I still wanted to see the Dervish dance; the spiritual dance popularised by Rumi centuries ago. On our last day in Cyprus, we crossed over again to the Turkish part of Nicosia. I saw the Whirling Dervish sign again. A man called Fatih sat beside a table near the closed Cathedral of St Sofia/Selimiye mosque. We bought tickets from him, and he said, “I am the dervish.”

St Peter and St Paul Cathedral – Sinan Pasha Mosque, Famagusta. Photo: Sandeep Raina.
He led us to a small hall, where we sat with other tourists. Haunting music began to play, and Fatih appeared in costume. He whirled in an ankle length red skirt, an arm raised to the sky, and an arm pointing to the earth. As he danced, my thoughts swirled round and round. I did not understand the words of the song playing. I did not know the meaning of his motions, but something told me that this was what we were all in: a dance, a brief dance.

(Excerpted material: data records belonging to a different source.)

lemma rising_perms_fixing:
  assumes po: "finite_poset S R" and t: "t \<in> S"
  shows "{p \<in> rising_perms R S {t}. Hilbert_Choice.inv p t = t} = {id}"
proof -
  have "p = id" if "p \<in> rising_perms R S {t}" "Hilbert_Choice.inv p t = t" for p
  proof (rule permutes_rising_eq_id[OF po])
    show pS: "p permutes S" using that by (simp add: rising_perms_def)
    have "p t = t" using that(2) permutes_inv_eq[OF pS] by blast
    then show "\<forall>i\<in>S. R i (p i)" using that(1) finite_poset_refl[OF po t]
      by (auto simp: rising_perms_def)
  qed
  then show ?thesis using rising_perms_empty[OF po] by (auto simp: rising_perms_def)
qed

text \<open>Composing with the transposition of \<open>a\<close> and \<open>t\<close> turns a permutation sending \<open>a\<close> to \<open>t\<close>
  into one fixing \<open>t\<close>.\<close>
lemma sum_sign_rising_perms_preimage:
  assumes fin: "finite S" and t: "t \<in> S" and a: "a \<in> hatU S R t"
  shows "(\<Sum>p | p \<in> rising_perms R S {t} \<and> Hilbert_Choice.inv p t = a. sign p) =
    - (\<Sum>q\<in>rising_perms R (S - {t}) {a}. sign q)"
proof -
  let ?\<tau> = "Transposition.transpose a t"
  let ?P = "{p. p \<in> rising_perms R S {t} \<and> Hilbert_Choice.inv p t = a}"
  let ?Q = "rising_perms R (S - {t}) {a}"
  have aS: "a \<in> S" and at: "a \<noteq> t" and Rat: "R a t" using a by (auto simp: hatU_def)
  have \<tau>: "?\<tau> permutes S" using permutes_swap_id[OF aS t] .
  have involution: "p \<circ> ?\<tau> \<circ> ?\<tau> = p" for p :: "'a \<Rightarrow> 'a" by (simp add: fun_eq_iff)
  have to_Q: "p \<circ> ?\<tau> \<in> ?Q" and sign: "sign (p \<circ> ?\<tau>) = - sign p" if p: "p \<in> ?P" for p
  proof -
    have pS: "p permutes S" and rising: "\<forall>i\<in>S - {t}. R i (p i)"
      using p by (auto simp: rising_perms_def)
    have "p a = t" using p permutes_inv_eq[OF pS] by blast
    have "(p \<circ> ?\<tau>) t = t" using \<open>p a = t\<close> by simp
    then have "p \<circ> ?\<tau> permutes S - {t}"
      by (intro permutes_superset[OF permutes_compose[OF \<tau> pS]]) auto
    moreover have "\<forall>i\<in>S - {t} - {a}. R i ((p \<circ> ?\<tau>) i)"
      using rising by (simp add: Transposition.transpose_def)
    ultimately show "p \<circ> ?\<tau> \<in> ?Q" by (simp add: rising_perms_def)
    show "sign (p \<circ> ?\<tau>) = - sign p"
      using sign_compose_transpose[OF permutes_imp_permutation[OF fin pS] at] .
  qed
  have to_P: "q \<circ> ?\<tau> \<in> ?P" if q: "q \<in> ?Q" for q
  proof -
    have qSt: "q permutes S - {t}" and rising: "\<forall>i\<in>S - {t} - {a}. R i (q i)"
      using q by (auto simp: rising_perms_def)
    have qS: "q permutes S" using permutes_subset[OF qSt] by blast
    have qt: "q t = t" using permutes_not_in[OF qSt] by blast
    have qS\<tau>: "q \<circ> ?\<tau> permutes S" using permutes_compose[OF \<tau> qS] .
    moreover have "Hilbert_Choice.inv (q \<circ> ?\<tau>) t = a" using permutes_inv_eq[OF qS\<tau>] qt by simp
    moreover have "\<forall>i\<in>S - {t}. R i ((q \<circ> ?\<tau>) i)"
      using rising qt Rat at by (auto simp: Transposition.transpose_def)
    ultimately show ?thesis by (simp add: rising_perms_def)
  qed
  have "(\<Sum>p\<in>?P. sign p) = (\<Sum>q\<in>?Q. - sign q)"
    by (rule sum.reindex_bij_witness[of _ "\<lambda>q. q \<circ> ?\<tau>" "\<lambda>p. p \<circ> ?\<tau>"])
      (use involution to_Q to_P sign in auto)
  then show ?thesis by (simp add: sum_negf)
qed

lemma sum_sign_rising_perms_singleton_rec:
  assumes po: "finite_poset S R" and t: "t \<in> S"
  shows "(\<Sum>p\<in>rising_perms R S {t}. sign p) =
    1 - (\<Sum>a\<in>hatU S R t. \<Sum>q\<in>rising_perms R (S - {t}) {a}. sign q)"
proof -
  let ?P = "rising_perms R S {t}"
  have fin: "finite S" using po finite_poset_finite by blast
  have "Hilbert_Choice.inv p t \<in> insert t (hatU S R t)" if "p \<in> ?P" for p
  proof -
    have pS: "p permutes S" and rising: "\<forall>i\<in>S - {t}. R i (p i)"
      using that by (auto simp: rising_perms_def)
    define y where "y = Hilbert_Choice.inv p t"
    have "y \<in> S" using permutes_in_image[OF permutes_inv[OF pS]] t y_def by blast
    moreover have "p y = t" using permutes_inverses(1)[OF pS] y_def by blast
    moreover have "R y (p y)" if "y \<noteq> t" using rising \<open>y \<in> S\<close> that by blast
    ultimately show ?thesis unfolding y_def[symmetric] by (auto simp: hatU_def)
  qed
  then have "(\<Sum>p\<in>?P. sign p) = (\<Sum>y\<in>insert t (hatU S R t). \<Sum>p | p \<in> ?P \<and> Hilbert_Choice.inv p t = y. sign p)"
    by (intro sum.group[symmetric]) (auto simp: fin finite_rising_perms hatU_def)
  also have "\<dots> = (\<Sum>p | p \<in> ?P \<and> Hilbert_Choice.inv p t = t. sign p) +
      (\<Sum>a\<in>hatU S R t. \<Sum>p | p \<in> ?P \<and> Hilbert_Choice.inv p t = a. sign p)"
    using fin by (intro sum.insert) (auto simp: hatU_def)
  also have "\<dots> = 1 - (\<Sum>a\<in>hatU S R t. \<Sum>q\<in>rising_perms R (S - {t}) {a}. sign q)"
    using rising_perms_fixing[OF po t] sum_sign_rising_perms_preimage[OF fin t]
    by (simp add: sum_negf)
  finally show ?thesis .
qed

lemma hatU_Diff_eq_hatU_hatU:
  assumes po: "finite_poset S R" and t: "t \<in> S" and a: "a \<in> hatU S R t"
  shows "hatU (S - {t}) R a = hatU (hatU S R t) R a"
proof -
  have "a \<in> S" "R a t" using a by (auto simp: hatU_def)
  then have "R y t" if "y \<in> S" "R y a" for y using finite_poset_trans[OF po that(1) _ t] that(2) by blast
  then show ?thesis by (auto simp: hatU_def)
qed

lemma sum_sign_rising_perms_singleton:
  "finite_poset S R \<Longrightarrow> t \<in> S \<Longrightarrow> (\<Sum>p\<in>rising_perms R S {t}. sign p) = chain_sum R (hatU S R t)"
proof (induction "card S" arbitrary: S t rule: less_induct)
  case less
  note po = less.prems(1) and t = less.prems(2)
  have fin: "finite S" using po finite_poset_finite by blast
  have IH: "(\<Sum>q\<in>rising_perms R (S - {t}) {a}. sign q) = chain_sum R (hatU (hatU S R t) R a)"
    if a: "a \<in> hatU S R t" for a
  proof -
    have "card (S - {t}) < card S" using fin t by (rule card_Diff1_less)
    moreover have "finite_poset (S - {t}) R" using po finite_poset_subset by blast
    moreover have "a \<in> S - {t}" using a by (auto simp: hatU_def)
    ultimately show ?thesis using less.hyps hatU_Diff_eq_hatU_hatU[OF po t a] by metis
  qed
  have "finite_poset (hatU S R t) R" using finite_poset_subset[OF po] by (simp add: hatU_def)
  then have "chain_sum R (hatU S R t) = 1 - (\<Sum>a\<in>hatU S R t. chain_sum R (hatU (hatU S R t) R a))"
    by (rule chain_sum_rec)
  then show ?case using sum_sign_rising_perms_singleton_rec[OF po t] IH by simp
qed

lemma sum_Pow_eq_singletons:
  assumes fin: "finite S"
    and vanish: "\<And>T a b. T \<subseteq> S \<Longrightarrow> a \<in> T \<Longrightarrow> b \<in> T \<Longrightarrow> a \<noteq> b \<Longrightarrow> g T = 0"
  shows "sum g (Pow S) = g {} + (\<Sum>t\<in>S. g {t})"
proof -
  let ?A = "insert {} ((\<lambda>t. {t}) ` S)"
  have "sum g (Pow S) = sum g ?A"
  proof (rule sum.mono_neutral_right)
    show "\<forall>T\<in>Pow S - ?A. g T = 0"
    proof
      fix T assume T: "T \<in> Pow S - ?A"
      then have "T \<noteq> {}" "\<forall>t. T \<noteq> {t}" by auto
      then obtain a b where "a \<in> T" "b \<in> T" "a \<noteq> b" by blast
      then show "g T = 0" using vanish T by blast
    qed
  qed (use fin in auto)
  also have "\<dots> = g {} + (\<Sum>t\<in>S. g {t})"
    using fin by (subst sum.insert) (auto simp: sum.reindex inj_on_def)
  finally show ?thesis .
qed

lemma prod_if_neg_one_zero:
  "finite A \<Longrightarrow> (\<Prod>i\<in>A. if P i then -1 else 0::int) = (if \<forall>i\<in>A. P i then (-1) ^ card A else 0)"
  by (induction A rule: finite_induct) auto

lemma prod_if_zero_one_expand:
  assumes fin: "finite S"
  shows "(\<Prod>i\<in>S. if P i then 0 else 1::int) =
    (\<Sum>T\<in>Pow S. if \<forall>i\<in>S - T. P i then (-1) ^ card (S - T) else 0)"
proof -
  have "(\<Prod>i\<in>S. if P i then 0 else 1::int) = (\<Prod>i\<in>S. 1 + (if P i then -1 else 0))"
    by (intro prod.cong) auto
  also have "\<dots> = (\<Sum>T\<in>Pow S. if \<forall>i\<in>S - T. P i then (-1) ^ card (S - T) else 0)"
    using fin by (simp add: prod_add prod_if_neg_one_zero)
  finally show ?thesis .
qed

lemma sum_permutes_if_rising:
  assumes fin: "finite S"
  shows "(\<Sum>p | p permutes S. if \<forall>i\<in>S - T. R i (p i) then c * sign p else 0) =
    c * (\<Sum>p\<in>rising_perms R S T. sign p)"
proof -
  have "(\<Sum>p | p permutes S. if \<forall>i\<in>S - T. R i (p i) then c * sign p else 0) =
      (\<Sum>p\<in>rising_perms R S T. c * sign p)"
    unfolding rising_perms_def
    using sum.inter_filter[OF finite_permutations[OF fin], of "\<lambda>p. c * sign p"] by simp
  then show ?thesis by (simp add: sum_distrib_left)
qed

That it is not fasting that makes us Hindu, Muslim or Christian. Or eating meat or not eating meat. Or the mosque or the church. It is not the cemetery where we lie. It is the rainbow that arches high above us, the clouds that tear open, the rain that pours, the sun that shines, the waves that crash, the tears that flow, and the smile that lights up faces. It is the joys and sorrows of our heart that make us Hindus, Muslims or Christians.
Rest is all stones. Small, coloured stones stuck in mosaics, or large stones crumbling inside old walls. People preserve them, cover them, decorate them with symbols, deities, and carve them. But it’s the dance of the dervish, the feverish pitch of the swirling sky and the earth, the constant dance that keeps everything in harmony.
As the dervish went round and round, his long red skirt blooming into a swirling red poppy, his white tunic breaking into surfs, and his black cloak enveloping him like a calming night sky, I saw the spire of a church, the minar of a mosque and the shikhara of a temple, all in his tall cap. His head tilted to a side, a gentle calm washed over his face, as his eyes closed in divine bliss.
Sandeep Raina was born and brought up in Kashmir. He lives in London.